パナソニックはなぜ「膨大なシステム近代化問題」にプロセスマイニングを採用したのか
パナソニックはDX推進に当たってシステムの近代化を進めている。しかし、近代化の対象となるサイトが多く、新プラットフォームへの移行が難しいという課題を抱えていた。そこで同社が採用したのが「プロセスマイニング」だ。
業務に潜む「見えない非効率性」=無駄なプロセス、不要なプロセスがビジネスパフォーマンスの「サイレントキラー」だ。それを発見し、対処することは業務効率化だけでなくDX(デジタルトランスフォーメーション)への重要な布石になる。
「プロセスマイニング」は、既存システムからデータを収集して業務プロセスを可視化するソリューションだ。ドイツ/米国を本拠とするCelonisプロセスマイニングツールベンダーであるCelonisが2020年に発表したクラウドプラットフォーム「Execution Management System」(EMS)は、プロセス可視化に加えて業務の実行管理機能も持つ。Celonisによれば、業務プロセスの最適化に役立つだけでなく、ERPと連携することで、適切なタイミングで業務の自動実行が可能な仕組みを作り上げたという。
Celonisによるプロセスマイニングの概要紹介(注1)に続き、本稿はパナソニックが推進するDXである「PX」におけるプロセスマイニングの活用方法を見ていく。
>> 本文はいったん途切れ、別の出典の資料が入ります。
lemma prob_clauses_within:
  assumes S: "S \<subseteq> {..<m}" and V: "V \<subseteq> {..<n}" and "d \<le> n"
  shows "measure_pmf.prob (random_dcnf m n d) {F. \<forall>i\<in>S. F ! i \<in> clauses_on d V}
       = (real (card V choose d) / real (n choose d)) ^ card S"
proof -
  have fin_V: "finite V" using V finite_subset by blast
  have sub: "clauses_on d V \<subseteq> dclauses n d"
    unfolding dclauses_eq_clauses_on using V by (rule clauses_on_mono)
  have "measure_pmf.prob (random_dcnf m n d) {F. \<forall>i\<in>S. F ! i \<in> clauses_on d V}
      = (real (card (clauses_on d V)) / real (card (dclauses n d))) ^ card S"
    unfolding random_dcnf_def using finite_dclauses dclauses_nonempty[OF \<open>d \<le> n\<close>] sub S
    by (rule prob_uniform_lists_nth_in)
  also have "real (card (clauses_on d V)) / real (card (dclauses n d))
      = real (card V choose d) / real (n choose d)"
    unfolding card_dclauses card_clauses_on(1)[OF fin_V] of_nat_mult
    by (rule nonzero_mult_divide_mult_cancel_right) simp
  finally show ?thesis .
qed

section \<open>The union bound\<close>

definition expanding_cnfs :: "real \<Rightarrow> nat \<Rightarrow> nat \<Rightarrow> (nat \<times> bool) set list set" where
  "expanding_cnfs \<epsilon> n d = {F. \<forall>S. S \<subseteq> {..<length F} \<and> real (card S) \<le> real n / (exp 1 * real d ^ 2)
      \<longrightarrow> real (card (cvars F S)) \<ge> (1 - \<epsilon>) * real d * real (card S)}"

definition max_deficient_vars :: "real \<Rightarrow> nat \<Rightarrow> nat \<Rightarrow> nat" where
  "max_deficient_vars \<epsilon> d s = nat \<lfloor>(1 - \<epsilon>) * real d * real s\<rfloor>"

definition deficient_cnfs :: "real \<Rightarrow> nat \<Rightarrow> nat \<Rightarrow> nat \<Rightarrow> nat \<Rightarrow> (nat \<times> bool) set list set" where
  "deficient_cnfs \<epsilon> m n d s =
    (\<Union>S\<in>{S. S \<subseteq> {..<m} \<and> card S = s}. \<Union>V\<in>{V. V \<subseteq> {..<n} \<and> card V = max_deficient_vars \<epsilon> d s}.
      {F. \<forall>i\<in>S. F ! i \<in> clauses_on d V})"

lemma max_deficient_vars_le:
  assumes "0 < \<epsilon>" "\<epsilon> < 1"
  shows "real (max_deficient_vars \<epsilon> d s) \<le> (1 - \<epsilon>) * real d * real s"
    and "max_deficient_vars \<epsilon> d s \<le> d * s"
proof -
  show le: "real (max_deficient_vars \<epsilon> d s) \<le> (1 - \<epsilon>) * real d * real s"
    unfolding max_deficient_vars_def using assms by simp
  have "(1 - \<epsilon>) * real d * real s \<le> real d * real s"
    using assms by (simp add: mult_right_mono mult_left_le_one_le)
  then show "max_deficient_vars \<epsilon> d s \<le> d * s"
    using le by (simp flip: of_nat_mult)
qed

lemma small_size_le:
  assumes "1 \<le> d" "real s \<le> real n / (exp 1 * real d ^ 2)"
  shows "exp 1 * real d * real (d * s) \<le> real n" and "d * s \<le> n"
proof -
  have "0 < exp 1 * real d ^ 2" using assms(1) by simp
  then have "real s * (exp 1 * real d ^ 2) \<le> real n" using assms(2) by (simp add: pos_le_divide_eq)
  then show le_n: "exp 1 * real d * real (d * s) \<le> real n" by (simp add: power2_eq_square ac_simps)
  have "1 * 1 \<le> exp 1 * real d" using assms(1) by (intro mult_mono) auto
  then have "real (d * s) \<le> exp 1 * real d * real (d * s)"
    using mult_right_mono[of 1 "exp 1 * real d" "real (d * s)"] by simp
  then have "real (d * s) \<le> real n" using le_n by linarith
  then show "d * s \<le> n" by (simp only: of_nat_le_iff)
qed

lemma non_expanding_witness:
  assumes d: "1 \<le> d" and \<epsilon>: "0 < \<epsilon>" "\<epsilon> < 1"
    and F: "length F = m" "set F \<subseteq> dclauses n d" "F \<notin> expanding_cnfs \<epsilon> n d"
  obtains s where "1 \<le> s" "real s \<le> real n / (exp 1 * real d ^ 2)" "F \<in> deficient_cnfs \<epsilon> m n d s"
proof -
  obtain S where S: "S \<subseteq> {..<m}" and small: "real (card S) \<le> real n / (exp 1 * real d ^ 2)"
    and few: "real (card (cvars F S)) < (1 - \<epsilon>) * real d * real (card S)"
    using F unfolding expanding_cnfs_def by (auto simp: not_le)
  have clause_F: "F ! i \<in> clauses_on d {..<n}" if "i \<in> S" for i
  proof -
    have "F ! i \<in> set F" using S F(1) that by auto
    then show ?thesis using F(2) by (auto simp: dclauses_eq_clauses_on)
  qed
  have "S \<noteq> {}" using few by (auto simp: cvars_def)
  then have nonempty: "1 \<le> card S" using S finite_subset by (fastforce simp: Suc_le_eq card_gt_0_iff)
  have vars_S: "cvars F S \<subseteq> {..<n}" using clause_F by (auto simp: cvars_def clauses_on_def)
  have few_le: "card (cvars F S) \<le> max_deficient_vars \<epsilon> d (card S)"
    unfolding max_deficient_vars_def using few by (intro le_nat_floor) simp
  moreover have le_n: "max_deficient_vars \<epsilon> d (card S) \<le> card {..<n}"
    using max_deficient_vars_le(2)[OF \<epsilon>, of d "card S"] small_size_le(2)[OF d small] by simp
  ultimately obtain V where V: "cvars F S \<subseteq> V" "V \<subseteq> {..<n}" "card V = max_deficient_vars \<epsilon> d (card S)"
    using exists_subset_between[OF few_le le_n vars_S finite_lessThan] by blast
  have "fst ` (F ! i) \<subseteq> V" if "i \<in> S" for i using V(1) that by (auto simp: cvars_def)
  then have "\<forall>i\<in>S. F ! i \<in> clauses_on d V"
    using clause_F unfolding clauses_on_def by blast
  then have "F \<in> deficient_cnfs \<epsilon> m n d (card S)"
    unfolding deficient_cnfs_def using S V(2,3) by blast
  then show ?thesis using that nonempty small by blast
qed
本記事は、2022年6月28日に行われた「Celonis World Tour 2022 東京」における事例セッションの講演内容を基に編集部で再構成した
1200超ある巨大システム、どう近代化する?
2022年4月からホールティングス制に移行したパナソニックは、各事業分野が事業会社として経営することとなった。各会社が働き方やビジネスを変革して経営のスピードアップを狙うパナソニック流のDXを「PX」と名付けて推進している。その重要な要素である業務プラットフォームのモダナイゼーションに当たって、同社はCelonisが提供する「プロセスマイニング」を活用すると表明した。
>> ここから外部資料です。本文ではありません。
lemma valid_state_iff:
  "valid_state K s \<longleftrightarrow> distinct (map fst s) \<and> set (map fst s) \<subseteq> {..<K} \<and> no_waiting (butlast s) \<and>
     (s \<noteq> [] \<longrightarrow> length s \<noteq> K \<longrightarrow> snd (last s) = 0)"
proof -
  have "(\<forall>j < length s. snd (s ! j) \<noteq> 0 \<longrightarrow> j = length s - 1 \<and> length s = K) \<longleftrightarrow>
      no_waiting (butlast s) \<and> (s \<noteq> [] \<longrightarrow> length s \<noteq> K \<longrightarrow> snd (last s) = 0)"
    (is "?nth \<longleftrightarrow> ?butlast")
  proof
    assume nth: ?nth
    have "snd p = 0" if "p \<in> set (butlast s)" for p
    proof -
      obtain j where "j < length s - 1" "p = s ! j"
        using \<open>p \<in> set (butlast s)\<close> by (auto simp: in_set_conv_nth nth_butlast)
      then show ?thesis
        using nth by (metis One_nat_def Suc_pred diff_le_self length_greater_0_conv less_le_trans less_irrefl_nat list.size(3) not_less_zero)
    qed
    then show ?butlast
      using nth by (auto simp: no_waiting_def last_conv_nth)
  next
    assume ?butlast
    show ?nth
    proof (intro allI impI)
      fix j assume j: "j < length s" and "snd (s ! j) \<noteq> 0"
      moreover have "j = length s - 1 \<or> s ! j \<in> set (butlast s)"
        using j by (metis interval_class.less_imp_less_eq_dec length_butlast nless_le nth_butlast nth_mem)
      ultimately show "j = length s - 1 \<and> length s = K"
        using \<open>?butlast\<close> by (auto simp: no_waiting_def last_conv_nth)
    qed
  qed
  then show ?thesis
    unfolding valid_state_def by blast
qed

lemma valid_stateI:
  "distinct (map fst s) \<Longrightarrow> set (map fst s) \<subseteq> {..<K} \<Longrightarrow> no_waiting s \<Longrightarrow> valid_state K s"
  unfolding valid_state_iff no_waiting_def by (auto dest: in_set_butlastD)

lemma valid_state_length_le: "valid_state K s \<Longrightarrow> length s \<le> K"
  unfolding valid_state_def
  by (metis card_lessThan card_mono distinct_card finite_lessThan length_map)

lemma valid_state_full_servers: "valid_state K s \<Longrightarrow> length s = K \<Longrightarrow> set (map fst s) = {..<K}"
  unfolding valid_state_def
  by (metis card_lessThan card_subset_eq distinct_card finite_lessThan length_map)

lemma valid_state_no_waiting:
  assumes "valid_state K s" and "length s < K \<or> s = [] \<or> snd (last s) = 0"
  shows "no_waiting s"
proof (cases "s = []")
  case False
  then have "set s = insert (last s) (set (butlast s))"
    by (metis append_butlast_last_id list.simps(15) set_rotate1 rotate1.simps(2))
  then show ?thesis
    using assms False by (auto simp: valid_state_iff no_waiting_def)
qed (simp add: no_waiting_def)

locale hetero_queue =
  fixes lam :: real and mu :: "nat \<Rightarrow> real" and K :: nat
  assumes K_pos: "K \<ge> 1" and lam_pos: "lam > 0" and mu_pos: "\<And>l. l < K \<Longrightarrow> mu l > 0"
    and stable: "lam < (\<Sum>l<K. mu l)"
begin

abbreviation total_rate :: real where
  "total_rate \<equiv> \<Sum>l<K. mu l"

lemma total_rate_pos: "total_rate > 0"
  using stable lam_pos by linarith

text \<open>Labels of the transitions out of s: Inl t is an arrival (joining idle server t, or the queue
  when no server is idle), Inr j is the departure of the customer at position j.\<close>
definition trans_labels :: "qstate \<Rightarrow> (nat + nat) list" where
  "trans_labels s =
     (if length s < K then map Inl (filter (\<lambda>t. t \<notin> set (map fst s)) [0..<K]) else [Inl 0])
     @ map Inr [0..<length s]"

definition trans_target :: "qstate \<Rightarrow> nat + nat \<Rightarrow> qstate" where
  "trans_target s l =
     (case l of
       Inl t \<Rightarrow> if length s < K then s @ [(t, 0)] else butlast s @ [(fst (last s), Suc (snd (last s)))]
     | Inr j \<Rightarrow> depart K s j)"

definition trans_rate :: "qstate \<Rightarrow> nat + nat \<Rightarrow> real" where
  "trans_rate s l =
     (case l of
       Inl t \<Rightarrow> if length s < K then lam / real (K - length s) else lam
     | Inr j \<Rightarrow> mu (fst (s ! j)))"

definition in_trans :: "qstate \<Rightarrow> (qstate \<times> (nat + nat)) set" where
  "in_trans s = {(s', l). valid_state K s' \<and> l \<in> set (trans_labels s') \<and> trans_target s' l = s}"

definition jump_rate :: "qstate \<Rightarrow> qstate \<Rightarrow> real" where
  "jump_rate t s = (if s = t then 0 else rate lam mu K t s)"

definition busy_rate :: "qstate \<Rightarrow> real" where
  "busy_rate s = (\<Sum>j<length s. mu (fst (s ! j)))"

definition exit_rate :: "qstate \<Rightarrow> real" where
  "exit_rate s = (\<Sum>l\<in>set (trans_labels s). trans_rate s l)"

definition customers :: "qstate \<Rightarrow> nat" where
  "customers s = (if s = [] then 0 else length s + snd (last s))"

lemma trans_labelsE:
  assumes "l \<in> set (trans_labels s)"
  obtains (arrival) t where "l = Inl t" "length s < K \<Longrightarrow> t < K \<and> t \<notin> set (map fst s)" "\<not> length s < K \<Longrightarrow> t = 0"
    | (departure) j where "l = Inr j" "j < length s"
  using assms by (auto simp: trans_labels_def split: if_splits)

lemma rate_eq: "rate lam mu K s s' = (\<Sum>l\<in>{l \<in> set (trans_labels s). trans_target s l = s'}. trans_rate s l)"
proof -
  have "trans lam mu K s = map (\<lambda>l. (trans_target s l, trans_rate s l)) (trans_labels s)"
    by (simp add: trans_def trans_labels_def trans_target_def trans_rate_def comp_def)
  then have "rate lam mu K s s' = sum_list (map (trans_rate s) (filter (\<lambda>l. trans_target s l = s') (trans_labels s)))"
    by (simp add: rate_def filter_map comp_def)
  also have "\<dots> = sum (trans_rate s) (set (filter (\<lambda>l. trans_target s l = s') (trans_labels s)))"
    by (rule sum_list_distinct_conv_sum_set) (auto simp: trans_labels_def distinct_map intro: inj_onI)
  finally show ?thesis
    by simp
qed

lemma depart_with_queue:
  "length s = K \<Longrightarrow> 0 < snd (last s) \<Longrightarrow>
   depart K s j = take j (set_queue s 0) @ drop (Suc j) (set_queue s 0) @ [(fst (s ! j), snd (last s) - 1)]"
  using K_pos by (auto simp: depart_def set_queue_def Let_def)

lemma depart_without_queue: "\<not> (length s = K \<and> 0 < snd (last s)) \<Longrightarrow> depart K s j = take j s @ drop (Suc j) s"
  by (auto simp: depart_def)

lemma customers_no_waiting: "no_waiting s \<Longrightarrow> customers s = length s"
  by (auto simp: customers_def no_waiting_def)

lemma customers_depart_less:
  assumes v: "valid_state K s" and j: "j < length s"
  shows "customers (depart K s j) < customers s"
proof (cases "length s = K \<and> 0 < snd (last s)")
  case True
  then have "s \<noteq> []"
    using K_pos by auto
  with True j have "length (depart K s j) = K" "snd (last (depart K s j)) = snd (last s) - 1"
    by (simp_all add: depart_with_queue set_queue_simps)
  with True show ?thesis
    by (auto simp: customers_def)
next
  case False
  then have "no_waiting s"
    using valid_state_length_le[OF v] by (intro valid_state_no_waiting[OF v]) auto
  then show ?thesis
    using False j by (simp add: depart_without_queue no_waiting_remove customers_no_waiting)
qed

lemma trans_target_neq:
  assumes v: "valid_state K s" and l: "l \<in> set (trans_labels s)"
  shows "trans_target s l \<noteq> s"
  using l
proof (cases rule: trans_labelsE)
  case (arrival t)
  then show ?thesis
    using K_pos by (cases "length s < K") (auto simp: trans_target_def dest: arg_cong[of _ _ "\<lambda>s. snd (last s)"])
next
  case (departure j)
  then have "customers (trans_target s l) < customers s"
    using customers_depart_less[OF v] by (simp add: trans_target_def)
  then show ?thesis
    by auto
qed

lemma trans_rate_pos:
  assumes v: "valid_state K s" and l: "l \<in> set (trans_labels s)"
  shows "trans_rate s l > 0"
  using l
proof (cases rule: trans_labelsE)
  case (arrival t)
  then show ?thesis
    using lam_pos by (auto simp: trans_rate_def)
next
  case (departure j)
  then have "fst (s ! j) \<in> set (map fst s)"
    by simp
  then have "fst (s ! j) < K"
    using v by (auto simp: valid_state_def)
  then show ?thesis
    using departure mu_pos by (simp add: trans_rate_def)
qed

lemma rate_nonneg: "valid_state K s \<Longrightarrow> rate lam mu K s s' \<ge> 0"
  unfolding rate_eq by (rule sum_nonneg) (auto dest: trans_rate_pos intro: less_imp_le)

lemma rate_target_pos: "valid_state K s \<Longrightarrow> l \<in> set (trans_labels s) \<Longrightarrow> rate lam mu K s (trans_target s l) > 0"
  unfolding rate_eq by (rule sum_pos2[where i = l]) (auto intro: trans_rate_pos less_imp_le)

lemma jump_rate_nonneg: "valid_state K t \<Longrightarrow> jump_rate t s \<ge> 0"
  by (simp add: jump_rate_def rate_nonneg)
2021年5月からパナソニックグループCIO(最高情報責任者)を務める玉置 肇氏(パナソニックインフォメーションシステムズ社長兼任)は、前職におけるDX推進経験を基にレガシーシステムからの脱却を進めている。
2022年6月28日に行われた「Celonis World Tour 2022 東京」で同氏はDXについて「(世の中の)DXはコンサルやSIerがもうける道具になっている。(やみくもにシステム移行するのではなく)業務プロセスとビジネスモデルの変革が必要だ」と語った。
続けてPXについて「全体のプロセスや風土、マインドセットを変える取り組み」と定義し、「デジタルと人の力で暮らしと仕事を幸せにする」というキーワードでB2C(B to C)、B2B(B to B)ともにDXによる付加価値の高い事業を推進する意向を示した。
玉置氏は「2000年代初頭に展開されたIT革新プロジェクトで4桁オーダーのシステムが作られた。現在もシステムは1200超あり、一つのシステムで(プログラムが)何十万ステップという巨大なものが多い」と明かし、「これらのシステムをそのまま新しいプラットフォームに乗せ換えるのではなく、レガシーモダナイゼーションやマスタデータの標準化やクラウド化、さらにはSCM(サプライチェーンマネジメント)の整流化を図る」と言う。